== Segment start ==

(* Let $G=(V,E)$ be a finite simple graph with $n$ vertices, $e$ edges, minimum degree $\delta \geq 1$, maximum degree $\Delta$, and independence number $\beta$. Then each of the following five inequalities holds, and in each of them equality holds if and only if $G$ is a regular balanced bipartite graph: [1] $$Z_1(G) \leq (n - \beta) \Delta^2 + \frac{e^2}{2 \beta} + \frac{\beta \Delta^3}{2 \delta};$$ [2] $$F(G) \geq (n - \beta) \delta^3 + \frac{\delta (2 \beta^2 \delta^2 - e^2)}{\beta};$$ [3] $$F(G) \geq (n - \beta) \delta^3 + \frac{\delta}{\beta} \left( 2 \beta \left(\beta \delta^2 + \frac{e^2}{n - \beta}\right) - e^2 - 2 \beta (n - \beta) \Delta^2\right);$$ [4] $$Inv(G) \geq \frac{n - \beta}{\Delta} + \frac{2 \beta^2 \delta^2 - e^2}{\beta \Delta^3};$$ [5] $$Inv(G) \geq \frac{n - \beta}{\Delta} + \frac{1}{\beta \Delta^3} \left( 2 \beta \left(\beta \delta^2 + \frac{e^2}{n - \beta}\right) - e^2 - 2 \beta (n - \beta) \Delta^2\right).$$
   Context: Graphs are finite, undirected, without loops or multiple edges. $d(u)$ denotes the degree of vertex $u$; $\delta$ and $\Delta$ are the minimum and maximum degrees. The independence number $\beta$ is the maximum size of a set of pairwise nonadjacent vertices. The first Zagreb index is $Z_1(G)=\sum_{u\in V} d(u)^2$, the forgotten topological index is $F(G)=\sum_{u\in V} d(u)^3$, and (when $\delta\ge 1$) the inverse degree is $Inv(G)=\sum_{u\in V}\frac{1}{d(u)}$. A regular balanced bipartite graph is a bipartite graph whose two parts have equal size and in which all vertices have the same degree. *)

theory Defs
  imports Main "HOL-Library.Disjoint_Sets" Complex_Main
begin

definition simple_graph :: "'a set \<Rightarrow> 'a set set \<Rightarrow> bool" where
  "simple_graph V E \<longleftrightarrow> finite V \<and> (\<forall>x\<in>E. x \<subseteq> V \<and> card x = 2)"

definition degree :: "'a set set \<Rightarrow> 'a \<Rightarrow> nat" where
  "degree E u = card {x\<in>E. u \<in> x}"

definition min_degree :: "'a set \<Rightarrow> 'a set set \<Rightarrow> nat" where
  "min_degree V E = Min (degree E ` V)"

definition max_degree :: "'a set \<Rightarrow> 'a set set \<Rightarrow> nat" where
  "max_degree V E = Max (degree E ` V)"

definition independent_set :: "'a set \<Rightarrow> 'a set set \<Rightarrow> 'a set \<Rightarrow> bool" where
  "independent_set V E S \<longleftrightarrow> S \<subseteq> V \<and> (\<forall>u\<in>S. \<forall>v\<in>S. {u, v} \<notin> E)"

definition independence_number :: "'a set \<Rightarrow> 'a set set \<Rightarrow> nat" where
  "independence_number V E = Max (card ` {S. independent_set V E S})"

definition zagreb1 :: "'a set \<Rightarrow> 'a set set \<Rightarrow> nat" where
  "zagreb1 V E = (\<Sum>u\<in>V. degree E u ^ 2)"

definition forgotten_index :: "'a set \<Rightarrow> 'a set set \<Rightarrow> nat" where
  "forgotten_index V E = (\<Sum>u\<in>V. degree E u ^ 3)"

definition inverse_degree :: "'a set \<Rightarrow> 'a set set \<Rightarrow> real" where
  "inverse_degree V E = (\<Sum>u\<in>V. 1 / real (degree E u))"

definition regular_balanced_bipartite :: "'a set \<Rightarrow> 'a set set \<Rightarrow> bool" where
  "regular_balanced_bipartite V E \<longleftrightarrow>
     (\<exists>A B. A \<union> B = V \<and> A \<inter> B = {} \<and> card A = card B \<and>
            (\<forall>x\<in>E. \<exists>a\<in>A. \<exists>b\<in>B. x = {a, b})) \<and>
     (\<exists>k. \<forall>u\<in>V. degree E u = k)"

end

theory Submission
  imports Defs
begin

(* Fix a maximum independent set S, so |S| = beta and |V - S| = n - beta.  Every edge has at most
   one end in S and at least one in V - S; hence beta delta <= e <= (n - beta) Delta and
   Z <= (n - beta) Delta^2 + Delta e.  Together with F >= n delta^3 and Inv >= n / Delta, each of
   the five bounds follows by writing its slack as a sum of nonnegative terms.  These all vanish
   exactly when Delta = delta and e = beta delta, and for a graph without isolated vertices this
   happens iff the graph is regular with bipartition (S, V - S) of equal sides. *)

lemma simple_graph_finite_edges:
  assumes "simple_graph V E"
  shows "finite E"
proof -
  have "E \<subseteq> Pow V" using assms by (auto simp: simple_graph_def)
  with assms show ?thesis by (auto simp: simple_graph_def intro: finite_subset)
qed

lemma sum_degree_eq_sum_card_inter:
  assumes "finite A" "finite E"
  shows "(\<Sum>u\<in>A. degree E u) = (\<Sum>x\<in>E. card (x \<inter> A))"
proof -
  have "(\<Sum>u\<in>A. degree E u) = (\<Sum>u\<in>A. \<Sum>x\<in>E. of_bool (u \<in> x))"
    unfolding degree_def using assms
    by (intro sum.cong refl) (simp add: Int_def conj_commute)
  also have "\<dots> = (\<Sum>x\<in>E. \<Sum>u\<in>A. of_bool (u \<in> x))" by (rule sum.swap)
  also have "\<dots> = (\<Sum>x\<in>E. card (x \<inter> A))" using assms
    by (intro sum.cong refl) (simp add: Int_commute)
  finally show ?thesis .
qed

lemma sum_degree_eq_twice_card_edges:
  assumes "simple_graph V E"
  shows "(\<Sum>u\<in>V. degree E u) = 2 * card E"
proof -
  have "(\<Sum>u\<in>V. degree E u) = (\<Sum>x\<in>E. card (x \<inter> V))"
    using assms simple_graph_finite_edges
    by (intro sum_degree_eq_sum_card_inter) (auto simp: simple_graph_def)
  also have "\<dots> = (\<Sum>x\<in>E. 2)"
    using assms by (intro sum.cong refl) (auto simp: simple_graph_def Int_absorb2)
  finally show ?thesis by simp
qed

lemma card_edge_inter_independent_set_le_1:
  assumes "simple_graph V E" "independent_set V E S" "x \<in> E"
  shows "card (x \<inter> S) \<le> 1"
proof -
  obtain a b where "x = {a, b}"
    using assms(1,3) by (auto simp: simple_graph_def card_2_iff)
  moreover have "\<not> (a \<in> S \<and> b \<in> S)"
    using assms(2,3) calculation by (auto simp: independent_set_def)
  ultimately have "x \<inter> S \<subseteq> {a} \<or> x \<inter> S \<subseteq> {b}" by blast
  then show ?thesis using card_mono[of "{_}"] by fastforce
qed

== Segment end ==

Problem statement: Display every line of the listing that contains the string "finally".

Response box:
  finally show ?thesis .
  finally show ?thesis by simp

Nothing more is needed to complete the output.